WHAT TO WORK ON> Word for word, return the lines from the start of the entries below through the line that has "unfolding Q_def by".

----- SUPPLIED INFORMATION -----

lemma card_consistent_pairs_le:
  fixes m n k :: nat
  assumes m: "m > 0" and \<sigma>: "\<sigma> \<in> {0..<n} \<rightarrow>\<^sub>E {0..<k}" and \<tau>: "\<tau> \<in> {0..<n} \<rightarrow>\<^sub>E {0..<k}"
  shows "card (consistent_pairs m n \<sigma> \<tau>)
           \<le> (if \<tau> \<in> same_profile {0..<n} {0..<k} \<sigma>
               then fact (m*n) * (\<Prod>l\<in>{0..<k}. fact (m * class_size \<sigma> {0..<n} l)) else 0)"
proof -
  let ?N = "m*n"
  define Q where "Q \<pi> = {\<pi>'. \<pi>' permutes {0..<?N} \<and> (\<forall>x<?N. \<sigma> (finv \<pi> x div m) = \<tau> (finv \<pi>' x div m))}" for \<pi>
  define R where "R = (if \<tau> \<in> same_profile {0..<n} {0..<k} \<sigma>
                        then (\<Prod>l\<in>{0..<k}. fact (m * class_size \<sigma> {0..<n} l)) else (0::nat))"
  have "consistent_pairs m n \<sigma> \<tau> = Sigma {\<pi>. \<pi> permutes {0..<?N}} Q"
    unfolding consistent_pairs_def Q_def by auto
  moreover have "finite (Q \<pi>)" for \<pi>
    unfolding Q_def by (rule finite_subset[OF _ finite_permutations[of "{0..<?N}"]]) auto
  ultimately have "card (consistent_pairs m n \<sigma> \<tau>) = (\<Sum>\<pi>\<in>{\<pi>. \<pi> permutes {0..<?N}}. card (Q \<pi>))"
    by (simp add: card_SigmaI finite_permutations)
  also have "\<dots> \<le> (\<Sum>\<pi>\<in>{\<pi>. \<pi> permutes {0..<?N}}. R)"
    using card_consistent_partners_le[OF m \<sigma> \<tau>] unfolding Q_def R_def by (intro sum_mono) auto
  also have "\<dots> = fact ?N * R" using card_permutations[of "{0..<?N}" ?N] by simp
  finally show ?thesis unfolding R_def by (simp split: if_splits)
qed

text \<open>Summing over the \<tau> with the profile of \<sigma> gives C * (mn)! * P, where C counts these \<tau>;
  the multinomial identity for the blow-up of \<sigma> gives P = (mn)! / D with D \<ge> C^m.\<close>

lemma sum_card_consistent_pairs_le:
  fixes m n k :: nat
  assumes m: "m > 0" and \<sigma>: "\<sigma> \<in> {0..<n} \<rightarrow>\<^sub>E {0..<k}"
  shows "real (\<Sum>\<tau>\<in>{0..<n} \<rightarrow>\<^sub>E {0..<k}. card (consistent_pairs m n \<sigma> \<tau>))
           \<le> real (fact (m*n))^2 / real (card (same_profile {0..<n} {0..<k} \<sigma>))^(m-1)"
proof -
  let ?C = "same_profile {0..<n} {0..<k} \<sigma>"
  let ?blowup = "restrict (\<lambda>y. \<sigma> (y div m)) {0..<m*n}"
  let ?D = "same_profile {0..<m*n} {0..<k} ?blowup"
  define P :: nat where "P = (\<Prod>l\<in>{0..<k}. fact (m * class_size \<sigma> {0..<n} l))"
  have "(\<Sum>\<tau>\<in>{0..<n} \<rightarrow>\<^sub>E {0..<k}. card (consistent_pairs m n \<sigma> \<tau>))
          \<le> (\<Sum>\<tau>\<in>{0..<n} \<rightarrow>\<^sub>E {0..<k}. if \<tau> \<in> ?C then fact (m*n) * P else 0)"
    using card_consistent_pairs_le[OF m \<sigma>] unfolding P_def by (intro sum_mono) auto
  also have "\<dots> = card ?C * (fact (m*n) * P)"
  proof -
    have "(\<Sum>\<tau>\<in>{0..<n} \<rightarrow>\<^sub>E {0..<k}. if \<tau> \<in> ?C then fact (m*n) * P else 0)
            = (\<Sum>\<tau>\<in>({0..<n} \<rightarrow>\<^sub>E {0..<k}) \<inter> ?C. fact (m*n) * P)"
      by (rule sum.inter_restrict[symmetric]) (simp add: finite_PiE)
    also have "({0..<n} \<rightarrow>\<^sub>E {0..<k}) \<inter> ?C = ?C" unfolding same_profile_def by auto
    finally show ?thesis by simp
  qed
  finally have sum_le: "(\<Sum>\<tau>\<in>{0..<n} \<rightarrow>\<^sub>E {0..<k}. card (consistent_pairs m n \<sigma> \<tau>))
                         \<le> card ?C * (fact (m*n) * P)" .
  have "?blowup \<in> {0..<m*n} \<rightarrow>\<^sub>E {0..<k}"
    using \<sigma> m by (auto simp: less_mult_imp_div_less mult.commute)
  moreover have "class_size ?blowup {0..<m*n} l = m * class_size \<sigma> {0..<n} l" for l
  proof -
    have "{y\<in>{0..<m*n}. ?blowup y = l} = {y\<in>{0..<m*n}. \<sigma> (y div m) = l}" by auto
    then show ?thesis using class_size_blowup[OF m, where f = \<sigma> and n = n and l = l] by simp
  qed
  ultimately have DP: "card ?D * P = fact (m*n)"
    using card_same_profile_mult_prod_fact[of "{0..<m*n}" "{0..<k}" ?blowup] unfolding P_def by simp
  have CD: "card ?C ^ m \<le> card ?D" by (rule card_same_profile_pow_le_blowup[OF m])
  have "card ?C \<ge> 1"
    using self_in_same_profile[OF \<sigma>] finite_same_profile[of "{0..<n}" "{0..<k}" \<sigma>]
    by (auto simp: Suc_le_eq card_gt_0_iff)
  define c where "c = real (card ?C)"
  define d where "d = real (card ?D)"
  define f where "f = real (fact (m*n) :: nat)"
  have c: "c \<ge> 1" using \<open>card ?C \<ge> 1\<close> unfolding c_def by simp
  have cd: "c ^ m \<le> d" using CD unfolding c_def d_def by (metis of_nat_le_iff of_nat_power)
  moreover have "c ^ m \<ge> 1" using c by (rule one_le_power)
  ultimately have d: "d > 0" by linarith
  have P: "real P = f / d" using DP d unfolding d_def f_def by (simp add: field_simps flip: of_nat_mult)
  have "real (\<Sum>\<tau>\<in>{0..<n} \<rightarrow>\<^sub>E {0..<k}. card (consistent_pairs m n \<sigma> \<tau>))
          \<le> real (card ?C * (fact (m*n) * P))"
    using sum_le by (simp only: of_nat_le_iff)
  also have "\<dots> = c * f * f / d" unfolding c_def f_def using P f_def by simp
  also have "\<dots> \<le> c * f * f / c ^ m"
    using c cd d by (intro divide_left_mono) (auto simp: f_def)
  also have "\<dots> = f ^ 2 / c ^ (m - 1)"
    using c m by (cases m) (auto simp: power2_eq_square)
  finally show ?thesis unfolding f_def c_def .
qed

lemma sum_inverse_card_fibres:
  assumes "finite S"
  shows "(\<Sum>x\<in>S. 1 / real (card {y\<in>S. g y = g x})) = real (card (g ` S))"
proof -
  have "(\<Sum>x\<in>S. 1 / real (card {y\<in>S. g y = g x}))
          = (\<Sum>v\<in>g ` S. \<Sum>x\<in>{x\<in>S. g x = v}. 1 / real (card {y\<in>S. g y = g x}))"
    by (rule sum.image_gen[OF assms])
  also have "\<dots> = (\<Sum>v\<in>g ` S. 1)"
  proof (rule sum.cong[OF refl])
    fix v assume "v \<in> g ` S"
    then have "{x\<in>S. g x = v} \<noteq> {}" by auto
    moreover have "(\<Sum>x\<in>{x\<in>S. g x = v}. 1 / real (card {y\<in>S. g y = g x}))
                     = (\<Sum>x\<in>{x\<in>S. g x = v}. 1 / real (card {x\<in>S. g x = v}))"
      by (intro sum.cong) auto
    ultimately show "(\<Sum>x\<in>{x\<in>S. g x = v}. 1 / real (card {y\<in>S. g y = g x})) = 1"
      using assms by simp
  qed
  finally show ?thesis by simp
qed

text \<open>A profile of a surjective colouring has entries in {1..n} summing to n, so it is
  determined by its first k - 1 entries.\<close>

lemma card_profiles_le:
  assumes k: "k \<ge> 1"
  shows "card (profile n k ` surj_colourings n k) \<le> n ^ (k - 1)"
proof -
  let ?V = "{v \<in> {0..<k} \<rightarrow>\<^sub>E {1..n}. sum v {0..<k} = n}"
  let ?truncate = "\<lambda>v. restrict v {0..<k-1}"
  have "profile n k ` surj_colourings n k \<subseteq> ?V"
    using surj_colouring_class_sizes(1,2) unfolding profile_def by fastforce
  then have "card (profile n k ` surj_colourings n k) \<le> card ?V"
    by (rule card_mono[rotated]) (rule finite_subset[of _ "{0..<k} \<rightarrow>\<^sub>E {1..n}"], auto intro!: finite_PiE)
  also have "card ?V = card (?truncate ` ?V)"
  proof (rule card_image[symmetric], rule inj_onI)
    fix v w assume v: "v \<in> ?V" and w: "w \<in> ?V" and eq: "?truncate v = ?truncate w"
    have init: "v l = w l" if "l < k - 1" for l using fun_cong[OF eq, of l] that by simp
    have split: "{0..<k} = insert (k-1) {0..<k-1}" using k by auto
    have "sum v {0..<k-1} = sum w {0..<k-1}" using init by (intro sum.cong) auto
    then have "v (k-1) = w (k-1)" using v w unfolding split by simp
    then have "v l = w l" if "l \<in> {0..<k}" for l using init that by (cases "l = k - 1") auto
    then show "v = w" using v w by (intro PiE_ext) auto
  qed
  also have "\<dots> \<le> card ({0..<k-1} \<rightarrow>\<^sub>E {1..n})" by (intro card_mono finite_PiE) auto
  also have "\<dots> = n ^ (k - 1)" by (simp add: card_PiE)
  finally show ?thesis .
qed

lemma deficient_pairs_subset_consistent_pairs:
  fixes ty :: "'a::field itself"
  assumes "m > 0" and "k \<ge> 1"
  shows "{(\<pi>, \<pi>'). \<pi> permutes {0..<m*n} \<and> \<pi>' permutes {0..<m*n} \<and> deficiency ty m n \<pi> \<pi>' \<ge> k}
           \<subseteq> (\<Union>\<sigma>\<in>surj_colourings n k. \<Union>\<tau>\<in>{0..<n} \<rightarrow>\<^sub>E {0..<k}. consistent_pairs m n \<sigma> \<tau>)"
proof (clarify)
  fix \<pi> \<pi>' assume \<pi>: "\<pi> permutes {0..<m*n}" and \<pi>': "\<pi>' permutes {0..<m*n}"
    and "deficiency ty m n \<pi> \<pi>' \<ge> k"
  then obtain \<sigma> \<tau> where "\<sigma> \<in> surj_colourings n k" "\<tau> \<in> {0..<n} \<rightarrow>\<^sub>E {0..<k}"
    and "\<forall>x<m*n. \<sigma> (finv \<pi> x div m) = \<tau> (finv \<pi>' x div m)"
    using deficiency_imp_consistent_colouring[OF assms(1) _ _ _ assms(2)] by metis
  then show "(\<pi>, \<pi>') \<in> (\<Union>\<sigma>\<in>surj_colourings n k. \<Union>\<tau>\<in>{0..<n} \<rightarrow>\<^sub>E {0..<k}. consistent_pairs m n \<sigma> \<tau>)"
    using \<pi> \<pi>' unfolding consistent_pairs_def by blast
qed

-----

WRITTEN REPLY>
lemma card_consistent_pairs_le:
  fixes m n k :: nat
  assumes m: "m > 0" and \<sigma>: "\<sigma> \<in> {0..<n} \<rightarrow>\<^sub>E {0..<k}" and \<tau>: "\<tau> \<in> {0..<n} \<rightarrow>\<^sub>E {0..<k}"
  shows "card (consistent_pairs m n \<sigma> \<tau>)
           \<le> (if \<tau> \<in> same_profile {0..<n} {0..<k} \<sigma>
               then fact (m*n) * (\<Prod>l\<in>{0..<k}. fact (m * class_size \<sigma> {0..<n} l)) else 0)"
proof -
  let ?N = "m*n"
  define Q where "Q \<pi> = {\<pi>'. \<pi>' permutes {0..<?N} \<and> (\<forall>x<?N. \<sigma> (finv \<pi> x div m) = \<tau> (finv \<pi>' x div m))}" for \<pi>
  define R where "R = (if \<tau> \<in> same_profile {0..<n} {0..<k} \<sigma>
                        then (\<Prod>l\<in>{0..<k}. fact (m * class_size \<sigma> {0..<n} l)) else (0::nat))"
  have "consistent_pairs m n \<sigma> \<tau> = Sigma {\<pi>. \<pi> permutes {0..<?N}} Q"
    unfolding consistent_pairs_def Q_def by auto
  moreover have "finite (Q \<pi>)" for \<pi>
    unfolding Q_def by (rule finite_subset[OF _ finite_permutations[of "{0..<?N}"]]) auto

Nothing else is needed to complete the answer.